Pew also investigated a recent YouGov/The Economist poll where 20 percent of respondents under 30 said they believed the Holocaust “is a myth.” When Pew tried to replicate these findings with a more rigorous, probability-based mail survey, the results were wildly different: Just 3 percent of young Americans agreed with the statement denying the Holocaust. Pew has also found that online opt-in polls consistently include between 4 and 7 percent bogus respondents, introducing a measurable systematic bias.
Randy Ellison, the founder of Targoz Market Research, a public opinion and market research consulting firm, has written extensively about the shortcomings of the checks and balances put in place to weed out fraudulent survey respondents. He has found that, despite implementing industry-standard protections like trap questions, 30 percent of respondents in his 2020 polling were flagged when their IP address was checked with a fraud detection service. Fraudulent responses were also 30 percent higher in political polls than in consumer polls.
Ellison now checks all his responses for IP address fraud, something he said is common practice in the commercial polling industry. But while political pollsters use a voter-file-generated list to guard against the potential pitfalls of online opt-in surveys, Ellison said he’s not sure that’s a panacea, either.
“You're assuming that the cell phone number that's attached to that voter record is correct,” Ellison explained. But Ellison said he recently checked a list of 5,000 voter file respondents and found more than 90 percent had been “compromised,” meaning their information was available online.
Further work then needs to be done — checking to see if the phone numbers are active, and then cross-referencing the demographic information in the voter file data to ensure it matches — to truly verify the responses. “I feel like I've been shouting from the rooftops and nobody’s listening,” Ellison said.
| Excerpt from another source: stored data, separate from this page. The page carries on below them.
text \<open>Write \<open>p = 1/(N-1)\<close> and \<open>\<phi>(x) = x\<^bsup>1+p\<^esup> / N\<close>. When all bidders have the same value drawn from \<open>F\<close>
  (the comonotone coupling) the second price auction with \<open>Beta(p, 1)\<close> distributed reserves earns
  exactly \<open>N \<integral>\<phi> dF\<close>, so its worst-case revenue is at most this. For small \<open>\<delta>\<close> we perturb it
  whenever the second highest competing value is at least \<open>\<delta>\<close>: the winner's allocation \<open>u\<^sup>p\<close> is
  tilted down to \<open>u\<^sup>p - k (1 - u)\<close> for a small \<open>k\<close>, losers above the second highest competing
  value receive a small consolation allocation, and ties are broken generously. Every allocation curve is a subgradient
  of the corresponding utility, so the envelope formula yields a DSIC and EPIR mechanism. A case
  analysis of each value profile shows that its revenue is at least \<open>\<Sum>\<^sub>i \<phi>(v\<^sub>i) + gain(v\<^sub>i)\<close>,
  where \<open>gain\<close> rewards values in \<open>(\<delta>, 1/2]\<close> and penalises values in \<open>(0, \<delta>]\<close>. Since every
  coupling has marginals \<open>F\<close>, the worst-case revenue is at least \<open>N \<integral>(\<phi> + gain) dF\<close>, and
  \<open>\<integral>gain dF > 0\<close> for small \<open>\<delta>\<close> because \<open>F\<close> is right-continuous at \<open>0\<close> and has full support.\<close>

lemma Young_powr_one_plus:
  fixes x y p :: real
  assumes "0 \<le> x" "0 \<le> y" "0 < p"
  shows "(1 + p) * (x * y powr p) \<le> x powr (1 + p) + p * y powr (1 + p)"
proof -
  have "x * y powr p \<le> x powr (1 + p) / (1 + p) + (y powr p) powr ((1 + p) / p) / ((1 + p) / p)"
    by (rule Youngs_inequality) (use assms in \<open>auto simp: field_simps\<close>)
  also have "(y powr p) powr ((1 + p) / p) = y powr (1 + p)"
    using assms by (simp add: powr_powr)
  also have "y powr (1 + p) / ((1 + p) / p) = p * y powr (1 + p) / (1 + p)"
    using assms by (simp add: field_simps)
  finally have "x * y powr p \<le> (x powr (1 + p) + p * y powr (1 + p)) / (1 + p)"
    by (simp add: add_divide_distrib)
  then show ?thesis
    using assms by (simp add: field_simps)
qed

lemma powr_le_affine:
  fixes x p :: real
  assumes "0 \<le> x" "0 \<le> p" "p \<le> 1"
  shows "x powr p \<le> 1 - p * (1 - x)"
proof (cases "x = 0")
  case False
  then have "x powr p * 1 powr (1 - p) \<le> p * x + (1 - p) * 1"
    using assms by (intro Youngs_inequality_0) auto
  then show ?thesis by (simp add: algebra_simps)
qed (use assms in simp)

lemma powr_one_plus:
  fixes x p :: real
  assumes "0 \<le> x"
  shows "x powr (1 + p) = x * x powr p"
  using assms by (cases "x = 0") (auto simp: powr_add)

lemma powr_one_plus_diff_ge:
  fixes w x p :: real
  assumes "0 \<le> w" "w \<le> x" "0 \<le> p"
  shows "(x - w) * x powr p \<le> x powr (1 + p) - w powr (1 + p)"
proof -
  have "w * w powr p \<le> w * x powr p"
    using assms by (intro mult_left_mono powr_mono2) auto
  then show ?thesis
    using assms by (simp add: powr_one_plus algebra_simps)
qed

section \<open>Subgradients and glued curves\<close>

text \<open>For an allocation curve \<open>Q\<close> and a utility curve \<open>U\<close>, this is incentive compatibility.\<close>
definition subgradient_on :: "real set \<Rightarrow> (real \<Rightarrow> real) \<Rightarrow> (real \<Rightarrow> real) \<Rightarrow> bool" where
  "subgradient_on S U Q \<longleftrightarrow> (\<forall>x\<in>S. \<forall>y\<in>S. U x + (y - x) * Q x \<le> U y)"

lemma subgradient_onD:
  "subgradient_on S U Q \<Longrightarrow> x \<in> S \<Longrightarrow> y \<in> S \<Longrightarrow> U x + (y - x) * Q x \<le> U y"
  by (auto simp: subgradient_on_def)

lemma subgradient_on_subset:
  "subgradient_on S U Q \<Longrightarrow> T \<subseteq> S \<Longrightarrow> subgradient_on T U Q"
  by (auto simp: subgradient_on_def)

lemma subgradient_on_mono:
  assumes "subgradient_on S U Q" "x \<in> S" "y \<in> S" "x \<le> y"
  shows "Q x \<le> Q y"
proof (cases "x = y")
  case False
  have "(y - x) * Q x \<le> (y - x) * Q y"
    using subgradient_onD[OF assms(1,2,3)] subgradient_onD[OF assms(1,3,2)]
    by (simp add: algebra_simps)
  then show ?thesis using assms(4) False by simp
qed simp

lemma subgradient_on_add:
  assumes "subgradient_on S U Q" "subgradient_on S V R"
  shows "subgradient_on S (\<lambda>x. U x + V x) (\<lambda>x. Q x + R x)"
  unfolding subgradient_on_def
proof (intro ballI)
  fix x y assume "x \<in> S" "y \<in> S"
  then have "U x + (y - x) * Q x + (V x + (y - x) * R x) \<le> U y + V y"
    using assms by (intro add_mono subgradient_onD)
  then show "U x + V x + (y - x) * (Q x + R x) \<le> U y + V y"
    by (simp add: algebra_simps)
qed

lemma subgradient_on_shift: "subgradient_on S U Q \<Longrightarrow> subgradient_on S (\<lambda>x. a + U x) Q"
  by (simp add: subgradient_on_def)

lemma subgradient_on_zero: "subgradient_on S (\<lambda>_. 0) (\<lambda>_. 0)"
  by (simp add: subgradient_on_def)

lemma subgradient_on_linear: "subgradient_on S (\<lambda>u. (u - s) * c) (\<lambda>_. c)"
  by (simp add: subgradient_on_def algebra_simps)

lemma subgradient_on_powr:
  assumes "0 < p"
  shows "subgradient_on {0..} (\<lambda>u. u powr (1 + p) / (1 + p)) (\<lambda>u. u powr p)"
  unfolding subgradient_on_def
proof (intro ballI)
  fix x y :: real assume "x \<in> {0..}" "y \<in> {0..}"
  then have "(1 + p) * (y * x powr p) \<le> y powr (1 + p) + p * x powr (1 + p)"
    using assms by (intro Young_powr_one_plus) auto
  then have "x powr (1 + p) + (1 + p) * ((y - x) * x powr p) \<le> y powr (1 + p)"
    using \<open>x \<in> {0..}\<close> by (simp add: powr_one_plus algebra_simps)
  then have "(x powr (1 + p) + (1 + p) * ((y - x) * x powr p)) / (1 + p) \<le> y powr (1 + p) / (1 + p)"
    using assms by (intro divide_right_mono) auto
  then show "x powr (1 + p) / (1 + p) + (y - x) * x powr p \<le> y powr (1 + p) / (1 + p)"
    using assms by (simp add: add_divide_distrib)
qed

lemma subgradient_on_square:
  assumes "0 \<le> k"
  shows "subgradient_on S (\<lambda>u. k * (1 - u)\<^sup>2 / 2) (\<lambda>u. - (k * (1 - u)))"
  unfolding subgradient_on_def
proof (intro ballI)
  fix x y :: real
  have "k * (1 - y)\<^sup>2 / 2 - (k * (1 - x)\<^sup>2 / 2 + (y - x) * - (k * (1 - x))) = k * (y - x)\<^sup>2 / 2"
    by (simp add: power2_eq_square field_simps)
  moreover have "0 \<le> k * (y - x)\<^sup>2 / 2" using assms by simp
  ultimately show "k * (1 - x)\<^sup>2 / 2 + (y - x) * - (k * (1 - x)) \<le> k * (1 - y)\<^sup>2 / 2"
    by linarith
qed

definition glue :: "real \<Rightarrow> real \<Rightarrow> (real \<Rightarrow> real) \<Rightarrow> (real \<Rightarrow> real) \<Rightarrow> real \<Rightarrow> real" where
  "glue m \<theta> f g u = (if u < m then f u else if u = m then \<theta> else g u)"

lemma subgradient_on_glue:
  assumes U1: "subgradient_on {x\<in>S. x \<le> m} U1 Q1" and U2: "subgradient_on {x\<in>S. m \<le> x} U2 Q2"
    and m: "m \<in> S" and "U1 m = \<mu>" "U2 m = \<mu>" and \<theta>: "Q1 m \<le> \<theta>" "\<theta> \<le> Q2 m"
  shows "subgradient_on S (glue m \<mu> U1 U2) (glue m \<theta> Q1 Q2)"
  unfolding subgradient_on_def
proof (intro ballI)
  fix x y assume x: "x \<in> S" and y: "y \<in> S"
  let ?U = "glue m \<mu> U1 U2" and ?Q = "glue m \<theta> Q1 Q2"
  have U_low: "?U u = U1 u" if "u \<le> m" for u
    using that assms by (simp add: glue_def)
  have U_high: "?U u = U2 u" if "m \<le> u" for u
    using that assms by (simp add: glue_def)
  have low: "U1 u + (v - u) * ?Q u \<le> U1 v" if "u \<in> S" "v \<in> S" "u \<le> m" "v \<le> m" for u v
  proof (cases "u = m")
    case True
    have "(v - m) * \<theta> \<le> (v - m) * Q1 m" using \<theta> that by (intro mult_left_mono_neg) auto
    then show ?thesis using subgradient_onD[OF U1, of m v] True that m by (simp add: glue_def)
  qed (use subgradient_onD[OF U1, of u v] that in \<open>simp add: glue_def\<close>)
  have high: "U2 u + (v - u) * ?Q u \<le> U2 v" if "u \<in> S" "v \<in> S" "m \<le> u" "m \<le> v" for u v
  proof (cases "u = m")
    case True
    have "(v - m) * \<theta> \<le> (v - m) * Q2 m" using \<theta> that by (intro mult_left_mono) auto
    then show ?thesis using subgradient_onD[OF U2, of m v] True that m by (simp add: glue_def)
  qed (use subgradient_onD[OF U2, of u v] that in \<open>simp add: glue_def\<close>)
  have Q_le: "?Q u \<le> \<theta>" if "u \<in> S" "u \<le> m" for u
    using subgradient_on_mono[OF U1, of u m] that m \<theta> by (auto simp: glue_def)
  have Q_ge: "\<theta> \<le> ?Q u" if "u \<in> S" "m \<le> u" for u
    using subgradient_on_mono[OF U2, of m u] that m \<theta> by (auto simp: glue_def)
  consider "x \<le> m" "y \<le> m" | "m \<le> x" "m \<le> y" | "x \<le> m" "m < y" | "m < x" "y < m"
    by linarith
  then show "?U x + (y - x) * ?Q x \<le> ?U y"
  proof cases
    case 1
    then show ?thesis using low[OF x y] U_low by simp
  next
    case 2
    then show ?thesis using high[OF x y] U_high by simp
  next
    case 3
    have "(y - m) * ?Q x \<le> (y - m) * \<theta>" using 3 Q_le[OF x] by (intro mult_left_mono) auto
    then show ?thesis using low[OF x m] high[OF m y] 3 \<open>U1 m = \<mu>\<close> \<open>U2 m = \<mu>\<close> U_low U_high
      by (simp add: glue_def algebra_simps)
  next
    case 4
    have "(y - m) * ?Q x \<le> (y - m) * \<theta>" using 4 Q_ge[OF x] by (intro mult_left_mono_neg) auto
    then show ?thesis using high[OF x m] low[OF m y] 4 \<open>U1 m = \<mu>\<close> \<open>U2 m = \<mu>\<close> U_low U_high
      by (simp add: glue_def algebra_simps)
  qed
qed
Though he said this is a common topic of discussion in commercial polling, “on the political side, nobody's really talking about it. It's a vulnerability to worry about.”
While voter-file-matched direct polling helps avoid many of the flaws of online opt-in surveys, the landscape is constantly evolving, and bad actors have more tools than ever before to trick pollsters. The best protection is likely a multi-layered approach, where no single guard is relied upon — similar to the “Swiss cheese” strategy in public health. Imagine a slice of Swiss cheese, with random holes where a fraudster can get through. But if you stack many slices of cheese, the holes get covered up by other layers, making it harder for someone to infiltrate and cause chaos.
This is the approach shrewd companies in the commercial sector are taking, according to Wilding-Brown. Those on the political side, where the stakes are even higher, may want to take note.